Robust Formant Tracking for Continuous Speech With Speaker Variability
- Additional Document Info
- View All
Exposure to loud sounds can cause damage to the inner ear, leading to degradation of the neural response to speech and to formant frequencies in particular. This may result in decreased intelligibility of speech. An amplification scheme for hearing aids, called Contrast Enhanced Frequency Shaping (CEFS), may improve speech perception for ears with sound-induced hearing damage. CEFS takes into account across-frequency distortions introduced by the impaired ear and requires accurate and robust formant frequency estimates to allow dynamic, speech-spectrum-dependent amplification of speech in hearing aids. Several algorithms have been developed for extracting the formant information from speech signals, however most of these algorithms are either not robust in real-life noise environments or are not suitable for real-time implementation.

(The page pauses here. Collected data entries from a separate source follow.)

lemma H_pos:
  assumes "x > 0" "t > 0" "y > 0"
  shows "H t x y > 0"
proof -
  have "(y - x)\<^sup>2 < (- y - x)\<^sup>2"
    using assms by (simp add: power2_eq_square algebra_simps)
  then have "exp (- ((- y - x)\<^sup>2) / (2 * t)) < exp (- ((y - x)\<^sup>2) / (2 * t))"
    using assms by (simp add: divide_strict_right_mono)
  then have "1 / sqrt (2 * pi * t) * exp (- ((- y - x)\<^sup>2) / (2 * t))
      < 1 / sqrt (2 * pi * t) * exp (- ((y - x)\<^sup>2) / (2 * t))"
    using assms by (intro mult_strict_left_mono) auto
  then show ?thesis
    unfolding H_def G_def by linarith
qed

lemma set_integrable_normal_density:
  assumes "0 < \<sigma>" "J \<in> sets borel"
  shows "set_integrable lborel J (normal_density \<mu> \<sigma>)"
  unfolding set_integrable_def using assms by (intro integrable_mult_indicator) auto

lemma borel_measurable_H:
  assumes "t > 0"
  shows "H t x \<in> borel_measurable borel"
  unfolding H_eq_normal_density_diff[OF assms, abs_def] by measurable

lemma set_integrable_H:
  assumes "t > 0" "J \<in> sets borel"
  shows "set_integrable lborel J (H t x)"
  unfolding H_eq_normal_density_diff[OF \<open>t > 0\<close>]
  using assms by (intro set_integral_diff(1) set_integrable_normal_density) auto

lemma set_integral_H_eq_diff:
  assumes "t > 0" "J \<in> sets borel"
  shows "(LINT y:J|lborel. H t x y) =
    (LINT y:J|lborel. normal_density x (sqrt t) y) - (LINT y:J|lborel. normal_density (- x) (sqrt t) y)"
  unfolding H_eq_normal_density_diff[OF \<open>t > 0\<close>]
  using assms by (intro set_integral_diff(2) set_integrable_normal_density) auto

lemma interval_integral_H_pos:
  assumes "x > 0" "t > 0"
  shows "(LBINT y=0..\<infinity>. H t x y) > 0"
proof -
  have "(LBINT y=0..\<infinity>. H t x y) = integral\<^sup>L lborel (\<lambda>y. indicator {0<..} y * H t x y)"
    by (simp add: interval_lebesgue_integral_def set_lebesgue_integral_def zero_ereal_def)
  moreover have int: "integrable lborel (\<lambda>y. indicator {0<..} y * H t x y)"
    using set_integrable_H[OF \<open>t > 0\<close>, of "{0<..}"] by (simp add: set_integrable_def)
  moreover have nonneg: "AE y in lborel. 0 \<le> indicator {0<..} y * H t x y"
    by (intro AE_I2) (auto split: split_indicator intro: less_imp_le H_pos[OF assms])
  moreover have "\<not> (AE y in lborel. indicator {0<..} y * H t x y = 0)"
  proof
    assume "AE y in lborel. indicator {0<..} y * H t x y = 0"
    then have "AE y in lborel. y \<notin> {0<..<1::real}"
      by (rule AE_mp) (auto intro!: AE_I2 split: split_indicator dest: H_pos[OF assms])
    then have "emeasure lborel {0<..<1::real} = 0"
      by (subst (asm) AE_iff_measurable[of "{0<..<1}"]) auto
    then show False by simp
  qed
  ultimately show ?thesis
    using integral_nonneg_AE[OF nonneg] integral_nonneg_eq_0_iff_AE[OF int nonneg] by linarith
qed

section \<open>From the conditioned walk to the Dirichlet heat kernel\<close>

definition barrier :: "real \<Rightarrow> real \<Rightarrow> nat \<Rightarrow> int" where
  "barrier x t n = \<lceil>x * sqrt (real n) / sqrt t\<rceil>"

text \<open>
  Chosen so that the reflected endpoint \<open>-2 L - s\<close> of a path with \<open>\<Sum>\<omega>\<^sub>i = s\<close> corresponds to
  the value \<open>-x - \<surd>t (s/\<surd>n + reflection_shift x t n)\<close>.
\<close>
definition reflection_shift :: "real \<Rightarrow> real \<Rightarrow> nat \<Rightarrow> real" where
  "reflection_shift x t n = 2 * (sqrt t / sqrt (real n) * of_int (barrier x t n) - x) / sqrt t"

definition surviving_mass :: "real \<Rightarrow> real \<Rightarrow> nat \<Rightarrow> ereal \<Rightarrow> ereal \<Rightarrow> real" where
  "surviving_mass x t n a b =
     real (card {\<omega> \<in> A_set x t n. a \<le> ereal (walk x t n \<omega> n) \<and> ereal (walk x t n \<omega> n) \<le> b}) / 2 ^ n"

lemma walk_eq_sum_list_take:
  "k \<le> length w \<Longrightarrow> walk x t n w k = x + sqrt t / sqrt (real n) * of_int (sum_list (take k w))"
  unfolding walk_def by (simp add: sum_list_sum_nth atLeast0LessThan min_absorb2)

context
  fixes x t :: real and n :: nat
  assumes x_pos: "x > 0" and t_pos: "t > 0" and n_pos: "n \<ge> 1"
begin

lemma walk_pos_iff_barrier: "0 < x + sqrt t / sqrt (real n) * of_int s \<longleftrightarrow> - barrier x t n < s"
proof -
  have "0 < x + sqrt t / sqrt (real n) * of_int s \<longleftrightarrow> of_int (- s) < x * sqrt (real n) / sqrt t"
    using t_pos n_pos by (simp add: field_simps) linarith
  also have "\<dots> \<longleftrightarrow> - s < barrier x t n"
    unfolding barrier_def by (rule less_ceiling_iff[symmetric])
  finally show ?thesis by linarith
qed

lemma walk_pos_iff_barrier_take:
  "k \<le> length w \<Longrightarrow> 0 < walk x t n w k \<longleftrightarrow> - barrier x t n < sum_list (take k w)"
  unfolding walk_eq_sum_list_take by (rule walk_pos_iff_barrier)

lemma A_set_eq_stays_above: "A_set x t n = {w \<in> coin_seqs n. stays_above (- barrier x t n) 0 w}"
proof -
  have "(\<forall>k<n. 0 < walk x t n w (Suc k)) \<longleftrightarrow> stays_above (- barrier x t n) 0 w"
    if "length w = n" for w
    using that by (simp add: stays_above_iff_take walk_pos_iff_barrier_take Suc_le_eq)
  then show ?thesis
    unfolding A_set_def image_Suc_lessThan[symmetric] by (auto simp: coin_seqs_def)
qed

lemma card_surviving_eq_diff:
  fixes W :: "real set"
  assumes "W \<subseteq> {0<..}"
  defines "v \<equiv> \<lambda>s::int. x + sqrt t / sqrt (real n) * of_int s"
  shows "real (card {\<omega> \<in> A_set x t n. walk x t n \<omega> n \<in> W}) =
    real (card {w \<in> coin_seqs n. v (sum_list w) \<in> W}) -
    real (card {w \<in> coin_seqs n. v (- 2 * barrier x t n - sum_list w) \<in> W})"
proof -
  let ?L = "barrier x t n"
  have "0 < ?L"
    unfolding barrier_def using x_pos t_pos n_pos by simp
  have surviving: "{\<omega> \<in> A_set x t n. walk x t n \<omega> n \<in> W} =
      {w \<in> coin_seqs n. stays_above (- ?L) 0 w \<and> v (0 + sum_list w) \<in> W}"
    unfolding A_set_eq_stays_above v_def by (auto simp: coin_seqs_def walk_eq_sum_list_take)
  have "- ?L < s" if "v s \<in> W" for s
    using that assms(1) walk_pos_iff_barrier[of s] by (auto simp: v_def)
  then have "card {w \<in> coin_seqs n. stays_above (- ?L) 0 w \<and> v (0 + sum_list w) \<in> W}
      + card {w \<in> coin_seqs n. v (2 * - ?L - (0 + sum_list w)) \<in> W}
      = card {w \<in> coin_seqs n. v (0 + sum_list w) \<in> W}"
    using \<open>0 < ?L\<close> by (intro reflection_principle) auto
  moreover have "2 * - ?L - (0 + s) = - 2 * ?L - s" for s
    by simp
  ultimately show ?thesis
    unfolding surviving by simp
qed

lemma surviving_mass_eq_measure_diff:
  "surviving_mass x t n a b =
     measure (scaled_sum_distr n 0) {z. x + sqrt t * z \<in> pos_window a b} -
     measure (scaled_sum_distr n (reflection_shift x t n)) {z. - x + - sqrt t * z \<in> pos_window a b}"
proof -
  have window: "{\<omega> \<in> A_set x t n. a \<le> ereal (walk x t n \<omega> n) \<and> ereal (walk x t n \<omega> n) \<le> b} =
      {\<omega> \<in> A_set x t n. walk x t n \<omega> n \<in> pos_window a b}"
    using n_pos by (auto simp: A_set_def pos_window_def)
  have reflected: "x + sqrt t / sqrt (real n) * of_int (- 2 * barrier x t n - s) =
      - x + - sqrt t * (real_of_int s / sqrt (real n) + reflection_shift x t n)" for s
    using t_pos n_pos by (simp add: reflection_shift_def field_simps)
  have "pos_window a b \<subseteq> {0<..}"
    by (auto simp: pos_window_def)
  then have "surviving_mass x t n a b =
      (real (card {w \<in> coin_seqs n. x + sqrt t / sqrt (real n) * of_int (sum_list w) \<in> pos_window a b}) -
       real (card {w \<in> coin_seqs n. - x + - sqrt t * (real_of_int (sum_list w) / sqrt (real n)
          + reflection_shift x t n) \<in> pos_window a b})) / 2 ^ n"
    unfolding surviving_mass_def window by (simp only: card_surviving_eq_diff reflected)
  moreover have "{z. c + v * z \<in> pos_window a b} \<in> sets borel" for c v :: real
    by measurable
  ultimately show ?thesis
    by (simp add: measure_scaled_sum_distr diff_divide_distrib)
qed

lemma Pn_eq_surviving_mass_ratio: "Pn x t n a b = surviving_mass x t n a b / surviving_mass x t n 0 \<infinity>"
proof -
  have "{\<omega> \<in> A_set x t n. 0 \<le> ereal (walk x t n \<omega> n) \<and> ereal (walk x t n \<omega> n) \<le> \<infinity>} = A_set x t n"
    using n_pos by (auto simp: A_set_def less_imp_le)
  then show ?thesis
    unfolding Pn_def surviving_mass_def by simp
qed

end

lemma reflection_shift_tendsto_0:
  assumes "x > 0" "t > 0"
  shows "(\<lambda>n. reflection_shift x t n) \<longlonglongrightarrow> 0"
proof (rule Lim_null_comparison)
  have "\<bar>reflection_shift x t n\<bar> \<le> 2 / sqrt (real n)" if "n \<ge> 1" for n
  proof -
    define c where "c = x * sqrt (real n) / sqrt t"
    have "c \<le> of_int (barrier x t n)" "of_int (barrier x t n) < c + 1"
      unfolding barrier_def c_def by (simp_all add: le_of_int_ceiling) linarith
    moreover have "reflection_shift x t n = 2 * (of_int (barrier x t n) - c) / sqrt (real n)"
      unfolding reflection_shift_def c_def using assms that by (simp add: field_simps)
    ultimately show ?thesis
      using that by (simp add: divide_right_mono)
  qed
  then show "\<forall>\<^sub>F n in sequentially. norm (reflection_shift x t n) \<le> 2 / sqrt (real n)"
    by (intro eventually_sequentiallyI[of 1]) auto
  show "(\<lambda>n. 2 / sqrt (real n)) \<longlonglongrightarrow> 0"
    by real_asymp
qed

The algorithm proposed in this thesis achieves formant extraction from continuous speech by using a time-varying adaptive filterbank to track and estimate individual formant frequencies. The formant tracker incorporates an adaptive voicing detector and a gender detector for robust formant extraction from continuous speech, for both male and female speakers in the presence of background noise. Thorough testing of the algorithm using various speech sentences has shown promising results over a wide range of SNRs for various types of background noises, such as AWGN, single and multiple competing background speakers and various other environmental sounds.